• [SOURCE INFORMATION]
lemma infsum_eq_suminf_bij:
  fixes g :: "'b \<Rightarrow> real" and e :: "nat \<Rightarrow> 'b"
  assumes "bij e"
  shows "infsum g UNIV = (if summable (\<lambda>k. \<bar>g (e k)\<bar>) then (\<Sum>k. g (e k)) else 0)"
proof -
  have reindex: "infsum g UNIV = infsum (\<lambda>k. g (e k)) UNIV"
    using infsum_reindex_bij_betw[of e UNIV UNIV g] assms by (simp add: bij_def)
  show ?thesis
  proof (cases "summable (\<lambda>k. \<bar>g (e k)\<bar>)")
    case True
    then have "((\<lambda>k. g (e k)) has_sum (\<Sum>k. g (e k))) UNIV"
      by (intro norm_summable_imp_has_sum) (auto simp: summable_sums summable_rabs_cancel)
    with True reindex show ?thesis
      by (simp add: infsumI)
  next
    case False
    then have "\<not> (\<lambda>k. g (e k)) summable_on UNIV"
      using summable_on_iff_abs_summable_on_real summable_on_imp_summable by fastforce
    with False reindex show ?thesis
      by (simp add: infsum_not_exists)
  qed
qed

lemma suminf_ennreal_le_if_finite_sums_le:
  fixes g :: "'b \<Rightarrow> real" and e :: "nat \<Rightarrow> 'b"
  assumes "inj e" and finite_sums: "\<And>P. finite P \<Longrightarrow> (\<Sum>p\<in>P. g p) \<le> B" and nonneg: "\<And>p. 0 \<le> g p"
  shows "(\<Sum>k. ennreal (g (e k))) \<le> ennreal B"
  unfolding suminf_eq_SUP
proof (rule SUP_least)
  fix n
  have "inj_on e {..<n}"
    using \<open>inj e\<close> by (simp add: inj_on_def)
  then have "(\<Sum>k<n. ennreal (g (e k))) = ennreal (\<Sum>p\<in>e ` {..<n}. g p)"
    using nonneg by (simp add: sum.reindex)
  also have "\<dots> \<le> ennreal B"
    using finite_sums by (intro ennreal_leI) simp
  finally show "(\<Sum>k<n. ennreal (g (e k))) \<le> ennreal B" .
qed
(* Let $\mathcal H$ be the set of pairs $(g,h)$ of Markov policies $g,h:\mathcal X\to\{0,1\}$ such that $N^{(g)}(x)\ge N^{(h)}(x)$ for all $x\in\mathcal X$. Each of the following conditions is sufficient for the RB to be indexable: (a) for every $(g,h)\in\mathcal H$ and every $x,z\in\mathcal X$, \[\sum_{y\in\mathcal X}\Big\{[\beta P_{zy}(1)-P_{xy}(1)]^+N^{(g)}(y)-[P_{xy}(1)-\beta P_{zy}(1)]^+N^{(h)}(y)\Big\}\le\frac{(1-\beta)^2}{\beta};\] (b) for every $(g,h)\in\mathcal H$ and every $x\in\mathcal X$, \[\sum_{y\in\mathcal X}\Big\{[P_{xy}(0)-P_{xy}(1)]^+N^{(g)}(y)-[P_{xy}(1)-P_{xy}(0)]^+N^{(h)}(y)\Big\}\le\frac{1-\beta}{\beta}.\]
   Context: A restless bandit (RB) consists of a finite or countable state space $\mathcal X$, actions $\{0,1\}$ (0 = passive, 1 = active), transition matrices $P(0),P(1)$ on $\mathcal X$, and a cost function $c:\mathcal X\times\{0,1\}\to\mathbb R$; $\beta\in(0,1)$ is a discount factor. $[u]^+=\max\{u,0\}$. For $\lambda\in\mathbb R$ let $c_\lambda(x,a)=c(x,a)+\lambda a$. For a Markov policy $g:\mathcal X\to\{0,1\}$ (with $X_{t+1}$ drawn from $P_{X_t\,\cdot}(g(X_t))$) let $N^{(g)}(x)=(1-\beta)\mathbb E[\sum_{t\ge0}\beta^t g(X_t)\mid X_0=x]$. Let $V_\lambda$ be the unique fixed point of $V_\lambda(x)=\min\{H_\lambda(x,0),H_\lambda(x,1)\}$, $H_\lambda(x,a)=(1-\beta)c_\lambda(x,a)+\beta\sum_y P_{xy}(a)V_\lambda(y)$, and $g_\lambda(x)=0$ if $H_\lambda(x,0)<H_\lambda(x,1)$, $g_\lambda(x)=1$ otherwise. The passive set is $\Pi_\lambda=\{x: g_\lambda(x)=0\}$. The RB is indexable if $\lambda'\le\lambda''$ implies $\Pi_{\lambda'}\subseteq\Pi_{\lambda''}$. *)

theory Defs
  imports "HOL-Probability.Probability"
begin

text \<open>Actions are encoded as bool (False = passive = 0, True = active = 1).
  The transition kernel is P :: bool => 'x => 'x pmf, so that the matrix entry P_{xy}(a)
  is pmf (P a x) y (rows are automatically probability distributions).\<close>

fun state_dist :: "(bool \<Rightarrow> 'x \<Rightarrow> 'x pmf) \<Rightarrow> ('x \<Rightarrow> bool) \<Rightarrow> nat \<Rightarrow> 'x \<Rightarrow> 'x pmf" where
  "state_dist P g 0 x = return_pmf x"
| "state_dist P g (Suc t) x = bind_pmf (state_dist P g t x) (\<lambda>z. P (g z) z)"

definition occ :: "real \<Rightarrow> (bool \<Rightarrow> 'x \<Rightarrow> 'x pmf) \<Rightarrow> ('x \<Rightarrow> bool) \<Rightarrow> 'x \<Rightarrow> real" where
  "occ \<beta> P g x = (1 - \<beta>) *
     (\<Sum>t. \<beta> ^ t * measure_pmf.expectation (state_dist P g t x) (\<lambda>y. of_bool (g y)))"

definition clam :: "('x \<Rightarrow> bool \<Rightarrow> real) \<Rightarrow> real \<Rightarrow> 'x \<Rightarrow> bool \<Rightarrow> real" where
  "clam c lam x a = c x a + lam * of_bool a"

definition Hq :: "real \<Rightarrow> (bool \<Rightarrow> 'x \<Rightarrow> 'x pmf) \<Rightarrow> ('x \<Rightarrow> bool \<Rightarrow> real) \<Rightarrow> real
                  \<Rightarrow> ('x \<Rightarrow> real) \<Rightarrow> 'x \<Rightarrow> bool \<Rightarrow> real" where
  "Hq \<beta> P c lam V x a = (1 - \<beta>) * clam c lam x a + \<beta> * infsum (\<lambda>y. pmf (P a x) y * V y) UNIV"

definition Vlam :: "real \<Rightarrow> (bool \<Rightarrow> 'x \<Rightarrow> 'x pmf) \<Rightarrow> ('x \<Rightarrow> bool \<Rightarrow> real) \<Rightarrow> real \<Rightarrow> 'x \<Rightarrow> real" where
  "Vlam \<beta> P c lam = (THE V. bounded (range V) \<and>
      (\<forall>x. V x = min (Hq \<beta> P c lam V x False) (Hq \<beta> P c lam V x True)))"

definition passive_set :: "real \<Rightarrow> (bool \<Rightarrow> 'x \<Rightarrow> 'x pmf) \<Rightarrow> ('x \<Rightarrow> bool \<Rightarrow> real) \<Rightarrow> real \<Rightarrow> 'x set" where
  "passive_set \<beta> P c lam =
     {x. Hq \<beta> P c lam (Vlam \<beta> P c lam) x False < Hq \<beta> P c lam (Vlam \<beta> P c lam) x True}"

definition indexable :: "real \<Rightarrow> (bool \<Rightarrow> 'x \<Rightarrow> 'x pmf) \<Rightarrow> ('x \<Rightarrow> bool \<Rightarrow> real) \<Rightarrow> bool" where
  "indexable \<beta> P c \<longleftrightarrow>
     (\<forall>l1 l2. l1 \<le> l2 \<longrightarrow> passive_set \<beta> P c l1 \<subseteq> passive_set \<beta> P c l2)"

definition pos_part :: "real \<Rightarrow> real" where
  "pos_part u = max u 0"

end

theory Submission
  imports Defs
begin

(* Fix l1 < l2, let d = l2 - l1, D = V_l2 - V_l1, and let g1, g2 be the optimal policies at
   l1, l2. Comparing the Bellman equations of V_l1 and V_l2 along g1 and along g2 gives the
   discounted subsolution inequalities d N^(g2) <= D <= d N^(g1); in particular (g1, g2) is in H.
   Hence for any signed weights u, sum_y u(y) D(y) <= d sum_y ([u]^+ N^(g1) - [-u]^+ N^(g2)).
   Under (b), with u = P_x.(0) - P_x.(1), this says the advantage H(x,1) - H(x,0) of passivity
   does not decrease from l1 to l2. Under (a), with u = beta P_z.(1) - P_x.(1), it gives
   beta A(z) <= A(x) for A(y) = (1 - beta) d + beta sum_y' P_yy'(1) D(y'); splitting states by
   the action of g1 then bounds beta sup D by A(x), whereas a state x passive at l1 but active
   at l2 would satisfy A(x) < D(x) <= beta sup D. *)

lemma bounded_contraction_has_unique_fixpoint:
  fixes T :: "('a \<Rightarrow> real) \<Rightarrow> 'a \<Rightarrow> real"
  assumes "k < 1"
    and T_bounded: "\<And>V. bounded (range V) \<Longrightarrow> bounded (range (T V))"
    and T_contraction: "\<And>V W B x. bounded (range V) \<Longrightarrow> bounded (range W) \<Longrightarrow>
           (\<And>y. dist (V y) (W y) \<le> B) \<Longrightarrow> dist (T V x) (T W x) \<le> k * B"
  shows "\<exists>!V. bounded (range V) \<and> T V = V"
proof -
  \<comment> \<open>Banach's theorem in the complete space of bounded functions with the sup distance.\<close>
  interpret F: Metric_space "Met_TC.fspace UNIV" "Met_TC.fdist UNIV"
    by (rule Met_TC.Metric_space_funspace)
  have space: "Met_TC.fspace UNIV = {V :: 'a \<Rightarrow> real. bounded (range V)}"
    by (auto simp: Met_TC.fspace_def)
  have dist_le: "dist (V y) (W y) \<le> Met_TC.fdist UNIV V W"
    if "V \<in> Met_TC.fspace UNIV" "W \<in> Met_TC.fspace UNIV" for V W :: "'a \<Rightarrow> real" and y
    using Met_TC.funspace_mdist_le[OF that, of "Met_TC.fdist UNIV V W"] by simp
  have maps: "T \<in> Met_TC.fspace UNIV \<rightarrow> Met_TC.fspace UNIV"
    using T_bounded by (auto simp: space)
  have contr: "Met_TC.fdist UNIV (T V) (T W) \<le> k * Met_TC.fdist UNIV V W"
    if "V \<in> Met_TC.fspace UNIV" "W \<in> Met_TC.fspace UNIV" for V W
    using that maps T_contraction[OF _ _ dist_le[OF that]]
    by (subst Met_TC.funspace_mdist_le) (auto simp: space)
  have "Metric_space.mcomplete (Met_TC.fspace UNIV) (Met_TC.fdist UNIV :: ('a \<Rightarrow> real) \<Rightarrow> _)"
    using Met_TC.mcomplete_funspace[of UNIV] complete_UNIV by (simp add: mcomplete_of_def)
  moreover have "(\<lambda>_. 0 :: real) \<in> Met_TC.fspace (UNIV :: 'a set)"
    unfolding space by simp
  ultimately obtain V where V: "V \<in> Met_TC.fspace UNIV" "T V = V"
    using F.Banach_fixedpoint_thm[OF _ _ maps \<open>k < 1\<close> contr] by (metis empty_iff)
  have unique: "W = V" if "W \<in> Met_TC.fspace UNIV" "T W = W" for W
    by (rule F.contraction_imp_unique_fixpoint[OF that(2) V(2) maps \<open>k < 1\<close> contr that(1) V(1)])
  show ?thesis
  proof (rule ex1I[of _ V])
    show "bounded (range V) \<and> T V = V"
      using V by (simp add: space)
  next
    fix W assume "bounded (range W) \<and> T W = W"
    then show "W = V"
      using unique by (simp add: space)
  qed
qed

• [TASK GOAL]
If a line in the material above contains the word "Under", copy it.

• [SOLUTION TO THIS TASK]
   Under (b), with u = P_x.(0) - P_x.(1), this says the advantage H(x,1) - H(x,0) of passivity
   does not decrease from l1 to l2. Under (a), with u = beta P_z.(1) - P_x.(1), it gives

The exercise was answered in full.